Willdozer · ‎01-05-2026

Turns out, there is a defect with Patch 3 per TAC. Here is their response:
There is a defect for this behavior. I have linked this defect below.
Can you rollback/uninstall patch 3 on all nodes? After removing patch 3 on all nodes, install patch 4. The fix is to install patch 4. However, there is another defect where if patch 4 is installed on top of patch 3, it will remove the attributes completely where you won’t see them in other attributes either. This is why I recommend removing patch 3 first, before installing patch 4.

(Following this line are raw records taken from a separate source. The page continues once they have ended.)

lemma pd_imp_psd: "pd M \<Longrightarrow> psd M"
  unfolding pd_def psd_def by (metis inner_zero_left order_le_less)

lemma pd_imp_invertible:
  fixes M :: "real^'m^'m"
  assumes "pd M"
  shows "invertible M"
  unfolding invertible_left_inverse matrix_left_invertible_ker
  using assms unfolding pd_def by (metis inner_zero_right less_irrefl)

lemma psd_add: "psd X \<Longrightarrow> psd Y \<Longrightarrow> psd (X + Y)"
  unfolding psd_def by (simp add: transpose_add matrix_vector_mult_add_rdistrib inner_add_right)

lemma pd_add_psd: "pd X \<Longrightarrow> psd Y \<Longrightarrow> pd (X + Y)"
  unfolding pd_def psd_def
  by (simp add: transpose_add matrix_vector_mult_add_rdistrib inner_add_right add_pos_nonneg)

lemma psd_congruence:
  fixes B :: "real^'m^'n"
  assumes "psd P"
  shows "psd (transpose B ** P ** B)"
  using assms unfolding psd_def
  by (simp add: quadratic_form_congruence matrix_transpose_mul matrix_mul_assoc)

lemma loewner_geI:
  assumes "transpose M = M" and "transpose N = N" and "\<And>x. x \<bullet> (N *v x) \<le> x \<bullet> (M *v x)"
  shows "loewner_ge M N"
  using assms unfolding loewner_ge_def psd_def
  by (simp add: transpose_diff matrix_vector_mult_diff_rdistrib inner_diff_right)

lemma loewner_geD: "loewner_ge M N \<Longrightarrow> x \<bullet> (N *v x) \<le> x \<bullet> (M *v x)"
  unfolding loewner_ge_def psd_def
  by (metis diff_ge_0_iff_ge inner_diff_right matrix_vector_mult_diff_rdistrib)

lemma loewner_ge_psd: "loewner_ge M N \<Longrightarrow> psd N \<Longrightarrow> psd M"
  unfolding loewner_ge_def using psd_add[of "M - N" N] by simp

lemma loewner_ge_trans: "loewner_ge X Y \<Longrightarrow> loewner_ge Y Z \<Longrightarrow> loewner_ge X Z"
  unfolding loewner_ge_def using psd_add[of "X - Y" "Y - Z"] by simp

lemma loewner_ge_refl: "transpose M = M \<Longrightarrow> loewner_ge M M"
  by (simp add: loewner_geI)

definition lyapunov_map :: "real^'n^'n \<Rightarrow> real^'n^'n \<Rightarrow> real^'n^'n \<Rightarrow> real^'n^'n" where
  "lyapunov_map A Q P = Q + transpose A ** P ** A"
(* Let $\mathcal{R}$ be a left-linear TRS and $\mathcal{C}\subseteq\mathcal{R}$ a confluent TRS, and let $\mathcal{P}=\mathsf{PCPS}(\mathcal{R},\mathcal{C})$. If every parallel critical pair $(t,u)$ between $\mathcal{R}$ and $\mathcal{R}$ satisfies $t\to^*_\mathcal{R}\cdot{}_\mathcal{R}\!\!\leftarrow^*u$ and $\mathcal{P}/\mathcal{R}$ is terminating, then $\mathcal{R}$ is confluent.
   Context: A TRS is a set of rules $\ell\to r$ ($\ell\notin\mathcal{V}$, $\mathcal{V}ar(r)\subseteq\mathcal{V}ar(\ell)$); left-linear: no variable repeated in a left-hand side; confluent: ${}_\mathcal{R}\!\!\leftarrow^*\cdot\to_\mathcal{R}^*\subseteq\to_\mathcal{R}^*\cdot{}_\mathcal{R}\!\!\leftarrow^*$. $\mathcal{P}/\mathcal{R}$ is terminating if the relation $\to_\mathcal{R}^*\cdot\to_\mathcal{P}\cdot\to_\mathcal{R}^*$ admits no infinite chain. $\leftrightarrow^*_\mathcal{C}$ is the conversion relation of $\mathcal{C}$. Parallel critical peak between $\mathcal{R}$ and $\mathcal{R}$: for variants $\ell\to r$ and $\ell_p\to r_p$ ($p\in P$) of $\mathcal{R}$-rules, all pairwise variable-disjoint, where $P$ is a non-empty set of pairwise parallel (no one a prefix of another) function-symbol positions of $\ell$, $\sigma$ a most general unifier of $\{\ell_p\approx\ell|_p\}_{p\in P}$, and $\ell_\epsilon\to r_\epsilon$ not a variant of $\ell\to r$ if $P=\{\epsilon\}$ (root): the peak with source $s=\ell\sigma$, left result $t=(\ell\sigma)[r_p\sigma]_{p\in P}$ and right result $u=r\sigma$; $(t,u)$ is a parallel critical pair. $\mathsf{PCPS}(\mathcal{R},\mathcal{C})$ is the TRS consisting of the rules $s\to t$ and $s\to u$ for every such parallel critical peak $(t,s,u)$ for which $t\leftrightarrow^*_\mathcal{C}u$ does not hold. *)

theory Defs
  imports Main "HOL-Library.List_Lexorder"
begin

datatype (funs_trm: 'f, vars_trm: 'v) trm = Var 'v | Fun 'f "('f,'v) trm list"

type_synonym pos = "nat list"
type_synonym ('f,'v) rule = "('f,'v) trm \<times> ('f,'v) trm"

https://bst.cloudapps.cisco.com/bugsearch/bug/CSCwp01928

Willdozer · ‎01-05-2026

Is it possible to ask Cisco to update the Suggested Release for ISE to 3.4 Patch 4 instead Patch 3? I was upgrading from 3.2 and would have gone right to Patch 4 instead of the suggested 3 and saved myself this grief.

ahollifield · ‎01-05-2026

IMO there is little reason not to go to the latest ISE patch. Personally, I only like following Suggest Release for major versions. Things like security vulnerabilities will require being on a newer version. There is ZERO reason to lag on security specific fixes just because its not a gold-star patch.